The more significant aspect of the crypto experiment is that it is a trial balloon for government issued digital currencies, which are likely to infringe upon individual freedom and throw gasoline on the inflation fire. The Fed quietly rolled out the first step toward a central bank digital currency earlier this month with their FedNow payment system. This has led even hardcore crypto enthusiasts to consider physical gold.
Gold is one of a few metals currently experiencing investment in new mine production. In recent years, financial investment from big mining companies mostly involved buying up smaller mining companies. Those were simply balance sheet transactions intended to shift ownership of the gold pie without doing much to increase its overall size. This year, however, mines are physically expanding around the world. Gold mining conglomerates are aggressively spending on land, labor, and equipment, signaling that the organizations which know this industry best are suddenly quite bullish.
Economy’s Impact on Gold Supply
Given all these factors, it’s a wonder that gold has not achieved even greater gains this year. One reason for this is the economic hardship and disparity which has grown dramatically since the pandemic. While economic uncertainty is viewed as a bullish sign by the investor class, it is viewed differently from those struggling to make ends meet.

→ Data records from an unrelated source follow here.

(* Let $d,n\in\mathbb{N}$, let $\mathcal{P}$ be a unit hypercube partition of $\mathbb{R}^{d}$, and let $X_{1},\ldots,X_{n}\in\mathcal{P}$ be such that $X_i$ and $X_j$ are adjacent for all $i,j\in[n]$. Then there is a point $\vec{p}\in\mathbb{R}^{d}$ such that $\vec{p}\in\overline{X_{i}}$ for all $i\in[n]$.
   Context: A unit hypercube is a set $\vec{a}+[0,1)^d$ with $\vec{a}\in\mathbb{R}^d$; a unit hypercube partition is a partition of $\mathbb{R}^d$ all of whose members are unit hypercubes. $\overline{X}$ denotes closure; $X$ and $Y$ are adjacent if $\overline{X}\cap\overline{Y}\ne\emptyset$. *)

theory Defs
  imports "HOL-Analysis.Analysis"
begin

definition unit_hypercube :: "real^'d \<Rightarrow> (real^'d) set" where
  "unit_hypercube a = {x. \<forall>i. a $ i \<le> x $ i \<and> x $ i < a $ i + 1}"

definition is_unit_hypercube :: "(real^'d) set \<Rightarrow> bool" where
  "is_unit_hypercube X \<longleftrightarrow> (\<exists>a. X = unit_hypercube a)"

definition unit_hypercube_partition :: "(real^'d) set set \<Rightarrow> bool" where
  "unit_hypercube_partition P \<longleftrightarrow>
     \<Union>P = UNIV \<and>
     (\<forall>X\<in>P. \<forall>Y\<in>P. X \<noteq> Y \<longrightarrow> X \<inter> Y = {}) \<and>
     (\<forall>X\<in>P. is_unit_hypercube X)"

definition adjacent :: "'a::topological_space set \<Rightarrow> 'a set \<Rightarrow> bool" where
  "adjacent X Y \<longleftrightarrow> closure X \<inter> closure Y \<noteq> {}"

end

theory Submission
  imports Defs
begin

text \<open>Only the shape of the members matters, not that they partition the space: the closure of
  a unit hypercube is a closed axis-parallel box, and pairwise intersecting closed boxes have a
  common point. Indeed, in each coordinate every lower end lies below every upper end, so the
  largest lower end lies in all the coordinate intervals (Helly's theorem on the line).\<close>

lemma closure_unit_hypercube: "closure (unit_hypercube a) = cbox a (a + 1)"
proof -
  have "box a (a + 1) \<subseteq> unit_hypercube a" "unit_hypercube a \<subseteq> cbox a (a + 1)"
    by (auto simp: unit_hypercube_def mem_box_cart less_imp_le)
  moreover have "box a (a + 1) \<noteq> {}"
    by (simp add: interval_ne_empty_cart)
  ultimately show ?thesis
    by (metis closure_box closure_closed closed_cbox closure_mono subset_antisym)
qed

lemma Inter_cboxes_nonempty:
  fixes lo hi :: "'i \<Rightarrow> 'a::euclidean_space"
  assumes "finite I"
    and meet: "\<And>i j. i \<in> I \<Longrightarrow> j \<in> I \<Longrightarrow> cbox (lo i) (hi i) \<inter> cbox (lo j) (hi j) \<noteq> {}"
  shows "(\<Inter>i\<in>I. cbox (lo i) (hi i)) \<noteq> {}"
proof (cases "I = {}")
  case False
  have lo_le_hi: "lo i \<bullet> k \<le> hi j \<bullet> k" if ij: "i \<in> I" "j \<in> I" and k: "k \<in> Basis" for i j k
  proof -
    obtain x where "x \<in> cbox (lo i) (hi i)" "x \<in> cbox (lo j) (hi j)"
      using meet[OF ij] by blast
    with k show ?thesis
      unfolding mem_box by (meson order_trans)
  qed
  define p where "p = (\<Sum>k\<in>Basis. Max ((\<lambda>i. lo i \<bullet> k) ` I) *\<^sub>R k)"
  have "p \<in> cbox (lo j) (hi j)" if "j \<in> I" for j
    unfolding mem_box
  proof (intro ballI conjI)
    fix k :: 'a assume "k \<in> Basis"
    then have p_k: "p \<bullet> k = Max ((\<lambda>i. lo i \<bullet> k) ` I)"
      by (simp add: p_def)
    show "lo j \<bullet> k \<le> p \<bullet> k"
      using \<open>finite I\<close> \<open>j \<in> I\<close> by (simp add: p_k)
    show "p \<bullet> k \<le> hi j \<bullet> k"
      using \<open>finite I\<close> False lo_le_hi \<open>j \<in> I\<close> \<open>k \<in> Basis\<close> by (simp add: p_k)
  qed
  then show ?thesis by blast
qed simp

theorem mainTheorem13:
  fixes P :: "(real^'d) set set" and X :: "nat \<Rightarrow> (real^'d) set" and n :: nat
  assumes "unit_hypercube_partition P"
    and "\<forall>i\<in>{1..n}. X i \<in> P"
    and "\<forall>i\<in>{1..n}. \<forall>j\<in>{1..n}. adjacent (X i) (X j)"
  shows "\<exists>p::real^'d. \<forall>i\<in>{1..n}. p \<in> closure (X i)"
proof -
  have "\<forall>i\<in>{1..n}. \<exists>a. X i = unit_hypercube a"
    using assms(1,2) by (auto simp: unit_hypercube_partition_def is_unit_hypercube_def)
  then obtain a where "\<And>i. i \<in> {1..n} \<Longrightarrow> X i = unit_hypercube (a i)"
    by metis
  then have closure_X: "\<And>i. i \<in> {1..n} \<Longrightarrow> closure (X i) = cbox (a i) (a i + 1)"
    by (simp add: closure_unit_hypercube)
  have "(\<Inter>i\<in>{1..n}. cbox (a i) (a i + 1)) \<noteq> {}"
  proof (rule Inter_cboxes_nonempty)
    fix i j assume "i \<in> {1..n}" "j \<in> {1..n}"
    then show "cbox (a i) (a i + 1) \<inter> cbox (a j) (a j + 1) \<noteq> {}"
      using assms(3) closure_X by (simp add: adjacent_def)
  qed simp
  then show ?thesis
    using closure_X by auto
qed

end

Internet searches for “pawn shops near me” have spiked this year as cash-strapped, working-class people are forced to sell family heirlooms as inflation raises their cost of living. This small boost to supply has helped keep the price under $2,000 for the moment, but we cannot expect that to last.
Another reason gold’s rally has been held somewhat in check is the psychology of the market, as record high prices tend to be a point of resistance even when the fundamentals indicate it should move higher. Major changes in valuation tend to occur slowly and then all at once. Our simple advice is to make your gold purchases prior to the “all at once” part.
What is the Best Way to Own Gold?
In the most basic sense, the answer is physical bars and coins. However, that leads to the issues of where to keep them and how to conveniently liquidate or convert them to other investments in a timely manner in the future. For long-term macro risk hedging purposes, own physical gold and be smart about where you store it.
The case for gold is not completely reliant on the collapse of our economic system, but on the perceived threat of collapse. Hopefully, we won’t soon be living in a post-apocalyptic future where barter and gold coins are the only means of survival.
For those who see all the cracks in the foundation of our global financial system, but have not gone full-blown doomsday prepper, there is a happy medium to diversify and hedge their portfolios without having to stand guard over a personal vault.
This is where financial instruments become useful. ETFs are the simplest way to invest in gold, especially for those utilizing IRA or 401(k) retirement accounts. Savvy high-net-worth investors looking for nonphysical gold investments utilize commodity futures and options markets. They are “paper” investments with attractive tax incentives, but also have the backing of, and convertibility to, real gold.
Conclusion and Outlook
Don’t risk missing the boat. Establish a position in gold as soon as possible in whichever format best suits your investor profile, but don’t over-leverage. If the price pulls back 5% to 10%, that may be an opportunity to lower your cost basis.
For long-term investors, there is no need to follow the tick-by-tick value on a daily basis. Think of it like buying a house that you plan to live in for the next ten or twenty years. If you have done your research, and stand by your convictions, near-term pullbacks won’t matter in the long run.